Once you find the line containing "unfolding sum_distrib_left" in the data below, copy it and each following line exactly, up to and including the line containing "using gauss_exponent[OF assms]", and nothing else.

Dataset entries: Begin

lemma ring_cong_fps_X_power_iff:
  "ring_cong (fps_X ^ n) f g \<longleftrightarrow> (\<forall>k<n. f $ k = (g :: 'a::comm_ring_1 fps) $ k)"
proof
  assume "ring_cong (fps_X ^ n) f g"
  then obtain c where c: "f - g = fps_X ^ n * c" unfolding ring_cong_def by (elim dvdE)
  show "\<forall>k<n. f $ k = g $ k"
  proof (intro allI impI)
    fix k assume "k < n"
    then have "(f - g) $ k = 0" by (simp add: c fps_X_power_mult_nth)
    then show "f $ k = g $ k" by simp
  qed
next
  assume fg: "\<forall>k<n. f $ k = g $ k"
  have "f - g = fps_X ^ n * Abs_fps (\<lambda>k. (f - g) $ (k + n))"
    by (rule fps_ext) (simp add: fps_X_power_mult_nth fg)
  then show "ring_cong (fps_X ^ n) f g" unfolding ring_cong_def by (rule dvdI)
qed

lemma ring_cong_fps_const_iff:
  "ring_cong (fps_const c) f g \<longleftrightarrow> (\<forall>k. c dvd f $ k - (g :: 'a::comm_ring_1 fps) $ k)"
proof
  assume "ring_cong (fps_const c) f g"
  then obtain h where h: "f - g = fps_const c * h" unfolding ring_cong_def by (elim dvdE)
  show "\<forall>k. c dvd f $ k - g $ k"
  proof
    fix k
    have "f $ k - g $ k = c * h $ k" using arg_cong[OF h, of "\<lambda>p. p $ k"] by simp
    then show "c dvd f $ k - g $ k" by simp
  qed
next
  assume "\<forall>k. c dvd f $ k - g $ k"
  then obtain d where d: "\<forall>k. f $ k - g $ k = c * d k"
    by (auto simp: dvd_def dest!: choice)
  have "f - g = fps_const c * Abs_fps d" by (rule fps_ext) (simp add: d)
  then show "ring_cong (fps_const c) f g" unfolding ring_cong_def by (rule dvdI)
qed

lemma ring_cong_numeral_fps_iff:
  "ring_cong (numeral k) f g \<longleftrightarrow> (\<forall>n. numeral k dvd f $ n - (g :: 'a::comm_ring_1 fps) $ n)"
  by (simp add: numeral_fps_const ring_cong_fps_const_iff)

lemma fps_X_power_mult_cancel:
  assumes "fps_X ^ k * f = fps_X ^ k * (g :: 'a::comm_ring_1 fps)"
  shows "f = g"
proof (rule fps_ext)
  fix n
  have "(fps_X ^ k * f) $ (n + k) = (fps_X ^ k * g) $ (n + k)" by (simp only: assms)
  then show "f $ n = g $ n" by (simp add: fps_X_power_mult_nth)
qed

lemma fps_minus_one_power_mult_nth:
  "((-1) ^ j * f) $ i = (-1) ^ j * (f :: 'a::comm_ring_1 fps) $ i"
  by (induction j) simp_all

lemma fps_compose_X_power_nth:
  assumes "0 < k"
  shows "(f oo fps_X ^ k) $ n = (if k dvd n then f $ (n div k) else (0 :: 'a::comm_ring_1))"
proof -
  have "(f oo fps_X ^ k) $ n = (\<Sum>i = 0..n. if i = n div k \<and> k dvd n then f $ (n div k) else 0)"
    unfolding fps_compose_nth using assms
    by (intro sum.cong) (auto simp flip: power_mult)
  also have "\<dots> = (if k dvd n then f $ (n div k) else 0)"
    by (simp add: sum.delta)
  finally show ?thesis .
qed

lemma fps_compose_one_plus_two_mult:
  "g $ 0 = 0 \<Longrightarrow> (1 + 2 * s) oo g = 1 + 2 * (s oo (g :: 'a::idom fps))"
  by (simp add: fps_compose_add_distrib fps_compose_mult_distrib)

section \<open>The finite q-binomial theorem\<close>

definition q_pochhammer :: "'a::comm_ring_1 \<Rightarrow> nat \<Rightarrow> 'a" where
  "q_pochhammer q n = (\<Prod>j\<in>{1..n}. 1 - q ^ j)"

lemma q_pochhammer_0 [simp]: "q_pochhammer q 0 = 1"
  by (simp add: q_pochhammer_def)

lemma q_pochhammer_Suc: "q_pochhammer q (Suc n) = q_pochhammer q n * (1 - q ^ Suc n)"
  by (simp add: q_pochhammer_def)

fun q_binomial :: "'a::comm_ring_1 \<Rightarrow> nat \<Rightarrow> nat \<Rightarrow> 'a" where
  "q_binomial q 0 k = (if k = 0 then 1 else 0)"
| "q_binomial q (Suc n) 0 = 1"
| "q_binomial q (Suc n) (Suc k) = q_binomial q n (Suc k) + q ^ (n - k) * q_binomial q n k"

lemma q_binomial_0_right [simp]: "q_binomial q n 0 = 1"
  by (cases n) simp_all

lemma q_binomial_eq_0: "n < k \<Longrightarrow> q_binomial q n k = 0"
  by (induction q n k rule: q_binomial.induct) simp_all

lemma q_binomial_diag [simp]: "q_binomial q n n = 1"
  by (induction n) (simp_all add: q_binomial_eq_0)

lemma q_binomial_mult_q_pochhammer:
  "k \<le> n \<Longrightarrow> q_binomial q n k * q_pochhammer q k * q_pochhammer q (n - k) = q_pochhammer q n"
proof (induction n arbitrary: k)
  case (Suc n)
  show ?case
  proof (cases k)
    case (Suc j)
    show ?thesis
    proof (cases "j = n")
      case False
      with Suc Suc.prems have "j < n" by simp
      then have nj: "n - j = Suc (n - Suc j)" by simp
      have IH1: "q_binomial q n (Suc j) * q_pochhammer q (Suc j) * q_pochhammer q (n - Suc j)
          = q_pochhammer q n"
        using Suc.IH[of "Suc j"] \<open>j < n\<close> by simp
      have IH2: "q_binomial q n j * q_pochhammer q j * q_pochhammer q (n - j) = q_pochhammer q n"
        using Suc.IH[of j] \<open>j < n\<close> by simp
      have "q_binomial q (Suc n) k * q_pochhammer q k * q_pochhammer q (Suc n - k)
          = q_binomial q n (Suc j) * q_pochhammer q (Suc j) * q_pochhammer q (n - Suc j)
              * (1 - q ^ (n - j))
            + q ^ (n - j) * (q_binomial q n j * q_pochhammer q j * q_pochhammer q (n - j))
              * (1 - q ^ Suc j)"
        by (simp add: Suc nj q_pochhammer_Suc algebra_simps)
      also have "\<dots> = q_pochhammer q n * (1 - q ^ (n - j) * q ^ Suc j)"
        by (simp only: IH1 IH2) (simp add: algebra_simps)
      also have "q ^ (n - j) * q ^ Suc j = q ^ Suc n"
        using \<open>j < n\<close> by (simp only: power_add[symmetric]) simp
      finally show ?thesis by (simp add: q_pochhammer_Suc)
    qed (simp add: Suc q_binomial_eq_0)
  qed simp
qed simp

lemma q_binomial_theorem:
  fixes a b q :: "'a::comm_ring_1"
  shows "(\<Prod>j<n. a + b * q ^ j)
       = (\<Sum>k\<le>n. q_binomial q n k * q ^ (k choose 2) * a ^ (n - k) * b ^ k)"
proof (induction n)
  case (Suc n)
  define t where "t k = q_binomial q n k * q ^ (k choose 2) * a ^ (n - k) * b ^ k" for k
  have upper: "a ^ Suc n
      + (\<Sum>k\<le>n. q_binomial q n (Suc k) * q ^ (Suc k choose 2) * a ^ (n - k) * b ^ Suc k)
      = (\<Sum>k\<le>n. a * t k)"
  proof -
    have "(\<Sum>k\<le>Suc n. q_binomial q n k * q ^ (k choose 2) * a ^ (Suc n - k) * b ^ k)
        = (\<Sum>k\<le>n. a * t k)"
      by (simp add: t_def q_binomial_eq_0 Suc_diff_le mult_ac)
    then show ?thesis by (simp add: sum.atMost_Suc_shift binomial_eq_0 del: sum.atMost_Suc)
  qed
  have lower:
    "(\<Sum>k\<le>n. q ^ (n - k) * q_binomial q n k * q ^ (Suc k choose 2) * a ^ (n - k) * b ^ Suc k)
      = (\<Sum>k\<le>n. b * q ^ n * t k)"
  proof (rule sum.cong)
    fix k assume "k \<in> {..n}"
    then have "n - k + (Suc k choose 2) = n + (k choose 2)"
      by (simp add: numeral_2_eq_2)
    then have "q ^ (n - k) * q ^ (Suc k choose 2) = q ^ n * q ^ (k choose 2)"
      by (metis power_add)
    then show "q ^ (n - k) * q_binomial q n k * q ^ (Suc k choose 2) * a ^ (n - k) * b ^ Suc k
        = b * q ^ n * t k"
      by (simp add: t_def) (simp add: mult_ac)
  qed simp
  have "(\<Sum>k\<le>Suc n. q_binomial q (Suc n) k * q ^ (k choose 2) * a ^ (Suc n - k) * b ^ k)
      = a ^ Suc n
        + (\<Sum>k\<le>n. q_binomial q n (Suc k) * q ^ (Suc k choose 2) * a ^ (n - k) * b ^ Suc k)
        + (\<Sum>k\<le>n. q ^ (n - k) * q_binomial q n k * q ^ (Suc k choose 2) * a ^ (n - k) * b ^ Suc k)"
    by (simp add: sum.atMost_Suc_shift algebra_simps sum.distrib binomial_eq_0 del: sum.atMost_Suc)
  also have "\<dots> = (a + b * q ^ n) * (\<Sum>k\<le>n. t k)"
    unfolding upper lower by (simp add: sum_distrib_left algebra_simps)
  finally show ?case by (simp add: Suc.IH t_def mult.commute)
qed (simp add: binomial_eq_0)

section \<open>Gauss's identity\<close>

definition odd_pochhammer :: "nat \<Rightarrow> 'a::comm_ring_1 fps" where
  "odd_pochhammer n = (\<Prod>i<n. 1 - fps_X ^ (2 * i + 1))"

definition sq_dist :: "nat \<Rightarrow> nat \<Rightarrow> nat" where
  "sq_dist n k = nat ((int k - int n) ^ 2)"

lemma sum_two_mult_lessThan: "(\<Sum>j<n. 2 * j) = 2 * (n choose 2)"
  by (induction n) (simp_all add: numeral_2_eq_2)

lemma prod_gauss_factors:
  "(\<Prod>j<2 * n. fps_X ^ (2 * n - 1) + (-1) * (fps_X ^ 2) ^ j :: 'a::comm_ring_1 fps)
     = (-1) ^ n * fps_X ^ (2 * (n choose 2) + n * (2 * n - 1)) * odd_pochhammer n ^ 2"
proof -
  define f :: "nat \<Rightarrow> 'a fps" where "f j = fps_X ^ (2 * n - 1) + (-1) * (fps_X ^ 2) ^ j" for j
  have low: "f j = (-1) * fps_X ^ (2 * j) * (1 - fps_X ^ (2 * (n - Suc j) + 1))" if "j < n" for j
  proof -
    from that have "2 * n - 1 = 2 * j + (2 * (n - Suc j) + 1)" by simp
    then have "fps_X ^ (2 * n - 1) = fps_X ^ (2 * j) * (fps_X ^ (2 * (n - Suc j) + 1) :: 'a fps)"
      by (metis power_add)
    moreover have "(fps_X ^ 2) ^ j = (fps_X ^ (2 * j) :: 'a fps)" by (simp add: power_mult)
    ultimately show ?thesis unfolding f_def by (simp add: algebra_simps)
  qed
  have high: "f (i + n) = fps_X ^ (2 * n - 1) * (1 - fps_X ^ (2 * i + 1))" if "i < n" for i
  proof -
    from that have "2 * (i + n) = (2 * n - 1) + (2 * i + 1)" by simp
    then have "(fps_X ^ 2) ^ (i + n) = fps_X ^ (2 * n - 1) * (fps_X ^ (2 * i + 1) :: 'a fps)"
      by (metis power_add power_mult)
    then show ?thesis by (simp add: f_def algebra_simps)
  qed
  have "(\<Prod>j<n. f j) = (-1) ^ n * fps_X ^ (2 * (n choose 2)) * odd_pochhammer n"
  proof -
    have "(\<Prod>j<n. f j) = (\<Prod>j<n. (-1) * fps_X ^ (2 * j) * (1 - fps_X ^ (2 * (n - Suc j) + 1)))"
      by (rule prod.cong) (simp_all add: low)
    also have "\<dots> = (\<Prod>j<n. (-1) * fps_X ^ (2 * j)) * (\<Prod>j<n. 1 - fps_X ^ (2 * (n - Suc j) + 1))"
      by (rule prod.distrib)
    also have "(\<Prod>j<n. (-1) * fps_X ^ (2 * j)) = (-1) ^ n * (fps_X ^ (\<Sum>j<n. 2 * j) :: 'a fps)"
      by (simp only: prod.distrib prod_constant power_sum card_lessThan)
    also have "(\<Prod>j<n. 1 - fps_X ^ (2 * (n - Suc j) + 1)) = (odd_pochhammer n :: 'a fps)"
      unfolding odd_pochhammer_def by (rule prod.nat_diff_reindex)
    finally show ?thesis by (simp only: sum_two_mult_lessThan)
  qed
  moreover have "(\<Prod>i<n. f (i + n)) = fps_X ^ (n * (2 * n - 1)) * odd_pochhammer n"
    by (simp add: high prod.distrib odd_pochhammer_def mult.commute[of n] power_mult)
  moreover have "(\<Prod>j<2 * n. f j) = (\<Prod>j<n. f j) * (\<Prod>i<n. f (i + n))"
    using prod.atLeastLessThan_concat[of 0 n "2 * n" f] prod.shift_bounds_nat_ivl[of f 0 n n]
    by (simp add: atLeast0LessThan mult_2)
  ultimately show ?thesis
    by (simp add: f_def power_add power2_eq_square mult_ac)
qed

lemma gauss_exponent:
  assumes "1 \<le> n" "k \<le> 2 * n"
  shows "2 * (k choose 2) + (2 * n - 1) * (2 * n - k)
       = 2 * (n choose 2) + n * (2 * n - 1) + sq_dist n k"
proof -
  have ch: "int (2 * (j choose 2)) = int j * (int j - 1)" for j
    by (cases j) (simp_all add: choose_two algebra_simps)
  have d1: "int ((2 * n - 1) * (2 * n - k)) = (2 * int n - 1) * (2 * int n - int k)"
    using assms by simp
  have d2: "int (n * (2 * n - 1)) = int n * (2 * int n - 1)"
    using assms by simp
  have d3: "int (sq_dist n k) = (int k - int n) ^ 2"
    by (simp add: sq_dist_def)
  have "int (2 * (k choose 2) + (2 * n - 1) * (2 * n - k))
      = int (2 * (n choose 2) + n * (2 * n - 1) + sq_dist n k)"
    by (simp only: of_nat_add ch d1 d2 d3) (simp add: power2_eq_square algebra_simps)
  then show ?thesis by (simp only: of_nat_eq_iff)
qed

lemma gauss_polynomial_identity:
  assumes "1 \<le> n"
  shows "(-1) ^ n * odd_pochhammer n ^ 2
       = (\<Sum>k\<le>2 * n. (-1) ^ k * q_binomial (fps_X ^ 2) (2 * n) k * fps_X ^ sq_dist n k
            :: 'a::comm_ring_1 fps)"
proof -
  define c where "c = 2 * (n choose 2) + n * (2 * n - 1)"
  have "fps_X ^ c * ((-1) ^ n * odd_pochhammer n ^ 2)
      = (\<Prod>j<2 * n. fps_X ^ (2 * n - 1) + (-1) * (fps_X ^ 2) ^ j :: 'a fps)"
    by (subst prod_gauss_factors) (simp add: c_def mult_ac)
  also have "\<dots> = (\<Sum>k\<le>2 * n. q_binomial (fps_X ^ 2) (2 * n) k * (fps_X ^ 2) ^ (k choose 2)
                     * (fps_X ^ (2 * n - 1)) ^ (2 * n - k) * (-1) ^ k)"
    by (rule q_binomial_theorem)
  also have "\<dots> = fps_X ^ c
      * (\<Sum>k\<le>2 * n. (-1) ^ k * q_binomial (fps_X ^ 2) (2 * n) k * fps_X ^ sq_dist n k)"
    unfolding sum_distrib_left
  proof (rule sum.cong)
    fix k assume "k \<in> {..2 * n}"
    then have e: "(fps_X ^ 2) ^ (k choose 2) * (fps_X ^ (2 * n - 1)) ^ (2 * n - k)
        = (fps_X ^ c * fps_X ^ sq_dist n k :: 'a fps)"
      using gauss_exponent[OF assms] by (simp add: c_def flip: power_mult power_add)
    have "q_binomial (fps_X ^ 2) (2 * n) k * (fps_X ^ 2) ^ (k choose 2)
        * (fps_X ^ (2 * n - 1)) ^ (2 * n - k) * (-1) ^ k
        = ((fps_X ^ 2) ^ (k choose 2) * (fps_X ^ (2 * n - 1)) ^ (2 * n - k))
          * ((-1) ^ k * q_binomial (fps_X ^ 2) (2 * n) k :: 'a fps)"
      by (simp only: ac_simps)
    also have "\<dots> = fps_X ^ c * ((-1) ^ k * q_binomial (fps_X ^ 2) (2 * n) k * fps_X ^ sq_dist n k)"
      by (subst e) (simp only: ac_simps)
    finally show "q_binomial (fps_X ^ 2) (2 * n) k * (fps_X ^ 2) ^ (k choose 2)
        * (fps_X ^ (2 * n - 1)) ^ (2 * n - k) * (-1) ^ k
        = fps_X ^ c * ((-1) ^ k * q_binomial (fps_X ^ 2) (2 * n) k * fps_X ^ sq_dist n k :: 'a fps)" .
  qed simp
  finally show ?thesis by (rule fps_X_power_mult_cancel)
qed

Dataset entries: End

- _Finished exercise_:
    unfolding sum_distrib_left
  proof (rule sum.cong)
    fix k assume "k \<in> {..2 * n}"
    then have e: "(fps_X ^ 2) ^ (k choose 2) * (fps_X ^ (2 * n - 1)) ^ (2 * n - k)
        = (fps_X ^ c * fps_X ^ sq_dist n k :: 'a fps)"
      using gauss_exponent[OF assms] by (simp add: c_def flip: power_mult power_add)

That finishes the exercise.